Television

Lynnwood Bibbens’ Reach TV Takes Off With Content for Airport Screens

When CNN shut down its airport network in March after nearly 30 years, Lynnwood Bibbens already knew a lot about those orphaned screens. Bibbens had been working on a deal with CNN to collaborate on an evolution of CNN Airport — which would have been called the Airport Television Network — when the COVID-19 pandemic put a halt to those plans.

CNN subsequently decided to get out of the airport business altogether. That gave Bibbens, the founder and CEO of Reach TV, a leg up in acquiring CNN Airport’s distribution; it now programs more than 2,500 screens in at least 85 airports throughout the country.

“We were ready,” Bibbens says. “And every airport director knew it. It was a pretty seamless thing for us to jump right in.”

Bibbens brought in several CNN Airport alums and has mostly moved those screens away from news. Reach TV content partners include NBCUniversal, AMC, A+E Networks, Bloomberg and the NFL. (Reach also produces some programming in-house.) Reach reported around 41 million viewers last month but doesn’t disclose ad revenue.
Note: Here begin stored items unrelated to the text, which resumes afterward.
(* Let the system's knowledge connectivity graph $G_{di}$ belong to $\mathcal{G}_{di}$, and let $V_{sink}$ be the set of sink members of $G_{di}$. If every correct process executes the Discovery algorithm, then every correct process $i$ eventually (a) discovers all sink members, i.e. $V_{sink}\cap C\subseteq \mathcal{S}_{known}$ at $i$ (the paper's proof in fact shows $V_{sink}\subseteq\mathcal{S}_{known}$), and (b) receives the participant detectors of all correct sink members, i.e. $V_{sink}\cap C\subseteq \mathcal{S}_{received}$ at $i$.
   Context: System model: a finite set $\Pi$ of processes with unique IDs (no Sybil attacks), partially synchronous: for every execution there exist an unknown time GST and a bound $\delta$ such that after GST every message between correct processes is delivered within $\delta$. A static set $F\subset\Pi$ of processes is Byzantine (arbitrary behavior, may collude); $C=\Pi\setminus F$ are the correct processes, and $|F|\le f$ for a fault threshold $f$. Channels are reliable and authenticated point-to-point, and processes can use unforgeable digital signatures; $\langle m\rangle_i$ denotes $m$ signed by $i$. Each process $i$ has a participant detector $PD_i\subseteq\Pi$ (the processes it initially knows); $i$ may send a message to $j$ only if $j$ is in $i$'s current set of known processes. The knowledge connectivity graph is the digraph $G_{di}=(\Pi,E_{di})$ with $(i,j)\in E_{di}$ iff $j\in PD_i$. Graph notions: a digraph is $k$-strongly connected if every ordered pair of distinct vertices is joined by $k$ internally node-disjoint directed paths; $\kappa(H)$ is the largest such $k$. A strongly connected component is a sink if no edge leaves it. A digraph belongs to $k$-OSR PD if (i) its underlying undirected graph is connected, (ii) its condensation (DAG of strongly connected components) has exactly one sink component $G_{sink}=(V_{sink},E_{sink})$, (iii) $G_{sink}$ is $k$-strongly connected, and (iv) every vertex outside $V_{sink}$ has at least $k$ node-disjoint paths to every vertex of $V_{sink}$. The safe subgraph $G_{safe}$ is the subgraph of $G_{di}$ induced on $\Pi\setminus F$. $\mathcal{G}_{di}$ is the family of finite knowledge connectivity graphs whose safe subgraph belongs to $(f+1)$-OSR PD and whose safe sink component has at least $2f+1$ processes. The sink members of $G_{di}$ are the processes of the sink component of $G_{safe}$ together with the Byzantine processes belonging (in $G_{di}$) to the strongly connected component containing it. Discovery algorithm at process $i$: initialize $\mathcal{S}_{PD}=\{\langle i,PD_i\rangle_i\}$, $\mathcal{S}_{known}=PD_i\cup\{i\}$, $\mathcal{S}_{received}=\{i\}$. Periodically send $\langle\textsc{GetPDs}\rangle$ to every $j\in\mathcal{S}_{known}$. On receiving $\langle\textsc{GetPDs}\rangle$ from $j$, reply $\langle\textsc{SetPDs},\mathcal{S}_{PD}\rangle$. On receiving $\langle\textsc{SetPDs},pds_j\rangle$ from $j$: if $pds_j$ contains $\langle j,PD_j\rangle_j$ correctly signed by $j$, set $\mathcal{S}_{PD}\leftarrow\mathcal{S}_{PD}\cup pds_j$, add to $\mathcal{S}_{known}$ every process appearing in some signed PD in $pds_j$, and add to $\mathcal{S}_{received}$ every $k$ such that a PD signed by $k$ is in $pds_j$. *)

theory Defs
  imports Main
begin

text \<open>A digraph is given by a vertex set V and an edge relation E (only edges
inside V are used).\<close>

definition dpath :: "'a set \<Rightarrow> ('a \<times> 'a) set \<Rightarrow> 'a \<Rightarrow> 'a \<Rightarrow> 'a list \<Rightarrow> bool" where
  "dpath V E u v p \<longleftrightarrow> p \<noteq> [] \<and> hd p = u \<and> last p = v \<and> distinct p \<and> set p \<subseteq> V \<and>
     (\<forall>n. Suc n < length p \<longrightarrow> (p ! n, p ! Suc n) \<in> E)"

definition interior :: "'a list \<Rightarrow> 'a set" where
  "interior p = set (butlast (tl p))"

definition k_disjoint_paths :: "nat \<Rightarrow> 'a set \<Rightarrow> ('a \<times> 'a) set \<Rightarrow> 'a \<Rightarrow> 'a \<Rightarrow> bool" where
  "k_disjoint_paths k V E u v \<longleftrightarrow>
     (\<exists>P. finite P \<and> card P = k \<and> (\<forall>p\<in>P. dpath V E u v p) \<and>
          (\<forall>p\<in>P. \<forall>q\<in>P. p \<noteq> q \<longrightarrow> interior p \<inter> interior q = {}))"

definition k_strongly_connected :: "nat \<Rightarrow> 'a set \<Rightarrow> ('a \<times> 'a) set \<Rightarrow> bool" where
  "k_strongly_connected k V E \<longleftrightarrow>
     (\<forall>u\<in>V. \<forall>v\<in>V. u \<noteq> v \<longrightarrow> k_disjoint_paths k V E u v)"

definition reach :: "'a set \<Rightarrow> ('a \<times> 'a) set \<Rightarrow> 'a \<Rightarrow> 'a \<Rightarrow> bool" where
  "reach V E u v \<longleftrightarrow> (u, v) \<in> (E \<inter> V \<times> V)\<^sup>*"

definition scc_of :: "'a set \<Rightarrow> ('a \<times> 'a) set \<Rightarrow> 'a \<Rightarrow> 'a set" where
  "scc_of V E x = {y \<in> V. reach V E x y \<and> reach V E y x}"

definition is_scc :: "'a set \<Rightarrow> ('a \<times> 'a) set \<Rightarrow> 'a set \<Rightarrow> bool" where
  "is_scc V E S \<longleftrightarrow> (\<exists>x\<in>V. S = scc_of V E x)"

definition is_sink_scc :: "'a set \<Rightarrow> ('a \<times> 'a) set \<Rightarrow> 'a set \<Rightarrow> bool" where
  "is_sink_scc V E S \<longleftrightarrow> is_scc V E S \<and> (\<forall>x\<in>S. \<forall>y\<in>V. (x, y) \<in> E \<longrightarrow> y \<in> S)"

definition weakly_connected :: "'a set \<Rightarrow> ('a \<times> 'a) set \<Rightarrow> bool" where
  "weakly_connected V E \<longleftrightarrow>
     (\<forall>u\<in>V. \<forall>v\<in>V. (u, v) \<in> ((E \<union> E\<inverse>) \<inter> V \<times> V)\<^sup>*)"

text \<open>The (unique, when it exists) sink component.\<close>
definition sink_component :: "'a set \<Rightarrow> ('a \<times> 'a) set \<Rightarrow> 'a set" where
  "sink_component V E = (THE S. is_sink_scc V E S)"

definition k_OSR :: "nat \<Rightarrow> 'a set \<Rightarrow> ('a \<times> 'a) set \<Rightarrow> bool" where
  "k_OSR k V E \<longleftrightarrow>
     weakly_connected V E \<and>
     (\<exists>!S. is_sink_scc V E S) \<and>
     k_strongly_connected k (sink_component V E) (E \<inter> sink_component V E \<times> sink_component V E) \<and>
     (\<forall>u\<in>V - sink_component V E. \<forall>v\<in>sink_component V E. k_disjoint_paths k V E u v)"

text \<open>Processes are the elements of the finite type 'p (so \<Pi> = UNIV).
PD i is the participant detector of i; F is the set of Byzantine processes.\<close>

definition Edi :: "('p \<Rightarrow> 'p set) \<Rightarrow> ('p \<times> 'p) set" where
  "Edi PD = {(i, j). j \<in> PD i}"

definition correct :: "'p set \<Rightarrow> 'p set" where
  "correct F = UNIV - F"

definition Esafe :: "('p \<Rightarrow> 'p set) \<Rightarrow> 'p set \<Rightarrow> ('p \<times> 'p) set" where
  "Esafe PD F = Edi PD \<inter> correct F \<times> correct F"

definition safe_sink :: "('p \<Rightarrow> 'p set) \<Rightarrow> 'p set \<Rightarrow> 'p set" where
  "safe_sink PD F = sink_component (correct F) (Esafe PD F)"

definition in_Gdi :: "nat \<Rightarrow> ('p::finite \<Rightarrow> 'p set) \<Rightarrow> 'p set \<Rightarrow> bool" where
  "in_Gdi f PD F \<longleftrightarrow>
     k_OSR (f + 1) (correct F) (Esafe PD F) \<and> card (safe_sink PD F) \<ge> 2 * f + 1"

definition sink_members :: "('p \<Rightarrow> 'p set) \<Rightarrow> 'p set \<Rightarrow> 'p set" where
  "sink_members PD F =
     safe_sink PD F \<union>
     {b \<in> F. \<exists>c\<in>safe_sink PD F. b \<in> scc_of UNIV (Edi PD) c}"

text \<open>A signed participant detector \<langle>k, S\<rangle>_k is represented by the pair (k, S);
unforgeability of signatures is expressed by the constraint that an entry
(k, S) with k correct always has S = PD k (a correct process only ever signs
its own PD).

For each process i and time t:
  SPD i t, Sknown i t, Srec i t are the local variables S_PD, S_known, S_received
  (meaningful for correct i);
  deliv i j t is the set of payloads pds_j of SetPDs messages from j delivered
  to i at time t.\<close>

definition valid_setpds :: "'p \<Rightarrow> ('p \<times> 'p set) set \<Rightarrow> bool" where
  "valid_setpds j pds \<longleftrightarrow> (\<exists>S. (j, S) \<in> pds)"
Reach TV can program each screen individually — down to a single gate at a single airport. “For example, in LaGuardia versus JFK versus Newark, even in the same market, we may have different content for people flying United Terminal C than we would have in Terminal B,” he says. “That’s two different types of people coming in and where they’re coming from.”

In acquiring programming, Bibbens says he was inspired by Netflix — which was basically born out of a streaming video-on-demand window — to establish a “closed-circuit rights” window for Reach TV.

“I wanted to have a seat at the table, and there was no way to compete in those [existing cable, SVOD/AVOD and digital] windows as a startup,” he says. “Even digital rights would have been enormous. So that’s one of the things I’m really proud of; we basically created our own window.”

Bibbens is also pleased with his football deal: “The NFL realizes that their audience is in airports, and a game is meant to be watched on a [large] screen, and that’s what we deliver,” he says. “We’re the only television network that gets Thursday, Sunday and Monday games, and then we get playoffs and the Super Bowl. Now airports are calling me because they want those games!”